= WHAT YOU HAVE TO DO =
Return exactly the span of lines in the following data that opens with the line containing "(\<lambda>t. c * f x t))" and closes with the line containing "(* Identify x". Include nothing else.

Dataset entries

+++++

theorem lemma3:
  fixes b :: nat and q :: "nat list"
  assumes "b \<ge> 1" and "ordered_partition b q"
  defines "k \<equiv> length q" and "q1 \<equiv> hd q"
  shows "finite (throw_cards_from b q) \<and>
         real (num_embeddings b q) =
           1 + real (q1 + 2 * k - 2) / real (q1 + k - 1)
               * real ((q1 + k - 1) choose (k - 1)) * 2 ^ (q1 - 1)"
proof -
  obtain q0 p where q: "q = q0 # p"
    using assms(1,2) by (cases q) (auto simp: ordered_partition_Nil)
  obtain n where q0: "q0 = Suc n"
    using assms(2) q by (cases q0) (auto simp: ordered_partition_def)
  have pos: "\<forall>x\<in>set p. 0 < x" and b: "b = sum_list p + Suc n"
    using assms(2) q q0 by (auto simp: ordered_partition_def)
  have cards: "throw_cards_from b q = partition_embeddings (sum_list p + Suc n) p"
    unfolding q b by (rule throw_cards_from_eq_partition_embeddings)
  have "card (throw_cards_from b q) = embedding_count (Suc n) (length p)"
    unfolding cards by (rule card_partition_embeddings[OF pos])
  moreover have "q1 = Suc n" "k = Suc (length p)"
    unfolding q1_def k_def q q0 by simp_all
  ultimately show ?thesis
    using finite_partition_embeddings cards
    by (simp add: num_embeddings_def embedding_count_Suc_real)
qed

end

+++++

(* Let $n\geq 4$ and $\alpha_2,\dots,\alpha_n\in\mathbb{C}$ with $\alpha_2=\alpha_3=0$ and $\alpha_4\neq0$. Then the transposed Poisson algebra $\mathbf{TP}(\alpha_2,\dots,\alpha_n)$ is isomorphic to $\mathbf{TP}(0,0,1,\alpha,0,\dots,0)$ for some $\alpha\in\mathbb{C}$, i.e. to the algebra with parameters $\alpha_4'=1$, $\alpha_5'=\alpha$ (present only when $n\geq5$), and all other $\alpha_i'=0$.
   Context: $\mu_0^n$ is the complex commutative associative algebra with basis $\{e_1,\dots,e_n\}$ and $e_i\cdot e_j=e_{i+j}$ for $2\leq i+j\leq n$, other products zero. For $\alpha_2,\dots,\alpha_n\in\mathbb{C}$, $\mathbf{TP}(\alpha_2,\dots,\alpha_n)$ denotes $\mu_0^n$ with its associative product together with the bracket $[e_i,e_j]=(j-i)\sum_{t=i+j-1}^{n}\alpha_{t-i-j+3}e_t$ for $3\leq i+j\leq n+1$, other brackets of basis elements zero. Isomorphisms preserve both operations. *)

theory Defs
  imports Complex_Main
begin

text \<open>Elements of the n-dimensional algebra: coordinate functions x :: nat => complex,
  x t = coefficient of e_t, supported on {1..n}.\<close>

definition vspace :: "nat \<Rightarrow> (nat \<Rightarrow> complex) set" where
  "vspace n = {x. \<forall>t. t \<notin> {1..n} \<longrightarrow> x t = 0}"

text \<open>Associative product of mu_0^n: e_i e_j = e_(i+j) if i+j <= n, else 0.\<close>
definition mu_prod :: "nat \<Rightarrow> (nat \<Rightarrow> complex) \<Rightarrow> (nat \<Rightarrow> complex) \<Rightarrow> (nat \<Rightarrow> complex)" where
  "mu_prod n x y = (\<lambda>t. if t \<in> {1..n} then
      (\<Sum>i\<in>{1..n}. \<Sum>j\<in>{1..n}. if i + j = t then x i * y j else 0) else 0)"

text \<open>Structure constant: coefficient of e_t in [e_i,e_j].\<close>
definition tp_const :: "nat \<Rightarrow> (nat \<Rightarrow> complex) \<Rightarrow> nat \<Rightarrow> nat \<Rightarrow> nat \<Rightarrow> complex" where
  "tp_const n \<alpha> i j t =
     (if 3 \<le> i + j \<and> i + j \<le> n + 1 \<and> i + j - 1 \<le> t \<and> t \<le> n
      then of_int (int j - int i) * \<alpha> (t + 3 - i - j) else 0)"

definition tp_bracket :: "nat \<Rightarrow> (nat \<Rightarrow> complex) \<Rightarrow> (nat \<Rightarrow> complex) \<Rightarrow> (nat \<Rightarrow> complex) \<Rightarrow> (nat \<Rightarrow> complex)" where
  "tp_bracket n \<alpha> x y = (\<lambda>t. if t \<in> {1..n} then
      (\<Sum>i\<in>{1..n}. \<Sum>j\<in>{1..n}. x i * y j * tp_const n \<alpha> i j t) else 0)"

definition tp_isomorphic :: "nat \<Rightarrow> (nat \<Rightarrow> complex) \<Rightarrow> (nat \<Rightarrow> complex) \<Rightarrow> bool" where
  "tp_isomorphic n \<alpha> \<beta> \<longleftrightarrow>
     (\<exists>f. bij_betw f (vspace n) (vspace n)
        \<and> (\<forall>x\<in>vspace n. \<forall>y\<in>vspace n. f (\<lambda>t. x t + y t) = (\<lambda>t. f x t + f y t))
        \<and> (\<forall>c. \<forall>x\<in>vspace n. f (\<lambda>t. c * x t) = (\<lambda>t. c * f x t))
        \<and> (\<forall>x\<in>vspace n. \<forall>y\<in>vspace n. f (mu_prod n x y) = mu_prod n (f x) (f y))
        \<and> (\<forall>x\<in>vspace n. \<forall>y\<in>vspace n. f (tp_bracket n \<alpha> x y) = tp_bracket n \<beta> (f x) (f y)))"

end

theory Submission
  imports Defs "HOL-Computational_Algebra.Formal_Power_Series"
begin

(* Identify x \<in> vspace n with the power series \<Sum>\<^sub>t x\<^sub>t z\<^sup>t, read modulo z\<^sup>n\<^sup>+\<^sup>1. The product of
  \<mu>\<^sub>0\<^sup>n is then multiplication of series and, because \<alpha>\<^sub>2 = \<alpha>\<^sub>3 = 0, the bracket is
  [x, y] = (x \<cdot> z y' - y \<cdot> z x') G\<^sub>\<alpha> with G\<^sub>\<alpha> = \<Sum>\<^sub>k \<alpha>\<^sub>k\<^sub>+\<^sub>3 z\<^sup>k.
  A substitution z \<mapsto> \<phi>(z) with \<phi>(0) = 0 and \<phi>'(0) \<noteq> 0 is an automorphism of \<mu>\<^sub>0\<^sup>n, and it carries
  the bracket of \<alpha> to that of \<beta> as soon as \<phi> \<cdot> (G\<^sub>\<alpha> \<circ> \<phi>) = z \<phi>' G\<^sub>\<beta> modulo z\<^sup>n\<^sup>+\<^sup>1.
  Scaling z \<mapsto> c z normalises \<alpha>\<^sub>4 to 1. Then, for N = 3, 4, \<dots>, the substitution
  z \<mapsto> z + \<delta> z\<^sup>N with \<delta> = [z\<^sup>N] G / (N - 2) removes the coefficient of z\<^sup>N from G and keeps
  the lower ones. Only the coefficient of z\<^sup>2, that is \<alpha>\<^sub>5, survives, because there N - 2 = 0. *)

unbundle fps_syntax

+++++

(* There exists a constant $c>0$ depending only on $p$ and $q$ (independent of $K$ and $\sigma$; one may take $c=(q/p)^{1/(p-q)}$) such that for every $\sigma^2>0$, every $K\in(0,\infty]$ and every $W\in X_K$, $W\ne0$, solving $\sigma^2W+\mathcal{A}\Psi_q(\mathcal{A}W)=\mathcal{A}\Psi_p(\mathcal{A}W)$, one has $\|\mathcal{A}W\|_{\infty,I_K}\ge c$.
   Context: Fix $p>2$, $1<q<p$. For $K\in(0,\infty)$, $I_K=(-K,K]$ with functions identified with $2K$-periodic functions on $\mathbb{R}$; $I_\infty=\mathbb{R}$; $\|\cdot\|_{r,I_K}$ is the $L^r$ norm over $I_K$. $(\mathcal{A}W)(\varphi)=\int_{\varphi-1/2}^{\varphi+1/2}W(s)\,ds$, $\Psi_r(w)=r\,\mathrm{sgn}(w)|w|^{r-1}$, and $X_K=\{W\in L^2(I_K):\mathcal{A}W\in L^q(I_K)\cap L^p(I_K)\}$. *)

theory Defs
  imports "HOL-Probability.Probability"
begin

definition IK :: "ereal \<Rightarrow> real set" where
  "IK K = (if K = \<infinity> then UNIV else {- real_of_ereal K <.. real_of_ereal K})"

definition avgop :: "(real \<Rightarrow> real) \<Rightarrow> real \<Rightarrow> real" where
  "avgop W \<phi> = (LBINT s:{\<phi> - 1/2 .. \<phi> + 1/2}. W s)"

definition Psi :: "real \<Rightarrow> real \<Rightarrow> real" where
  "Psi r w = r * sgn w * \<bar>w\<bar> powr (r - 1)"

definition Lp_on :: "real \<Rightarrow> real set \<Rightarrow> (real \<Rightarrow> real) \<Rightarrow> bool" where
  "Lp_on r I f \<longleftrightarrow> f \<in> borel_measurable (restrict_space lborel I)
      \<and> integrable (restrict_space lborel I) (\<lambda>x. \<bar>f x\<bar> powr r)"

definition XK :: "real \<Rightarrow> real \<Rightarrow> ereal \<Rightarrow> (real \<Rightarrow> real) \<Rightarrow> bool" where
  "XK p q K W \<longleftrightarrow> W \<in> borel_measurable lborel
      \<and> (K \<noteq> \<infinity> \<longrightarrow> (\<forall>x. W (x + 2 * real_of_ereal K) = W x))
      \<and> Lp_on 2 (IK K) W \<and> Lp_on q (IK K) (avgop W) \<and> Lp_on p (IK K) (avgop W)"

+++++

= RESULT OF THIS TASK =
        \<and> (\<forall>c. \<forall>x\<in>vspace n. f (\<lambda>t. c * x t) = (\<lambda>t. c * f x t))
        \<and> (\<forall>x\<in>vspace n. \<forall>y\<in>vspace n. f (mu_prod n x y) = mu_prod n (f x) (f y))
        \<and> (\<forall>x\<in>vspace n. \<forall>y\<in>vspace n. f (tp_bracket n \<alpha> x y) = tp_bracket n \<beta> (f x) (f y)))"

end

theory Submission
  imports Defs "HOL-Computational_Algebra.Formal_Power_Series"
begin

(* Identify x \<in> vspace n with the power series \<Sum>\<^sub>t x\<^sub>t z\<^sup>t, read modulo z\<^sup>n\<^sup>+\<^sup>1. The product of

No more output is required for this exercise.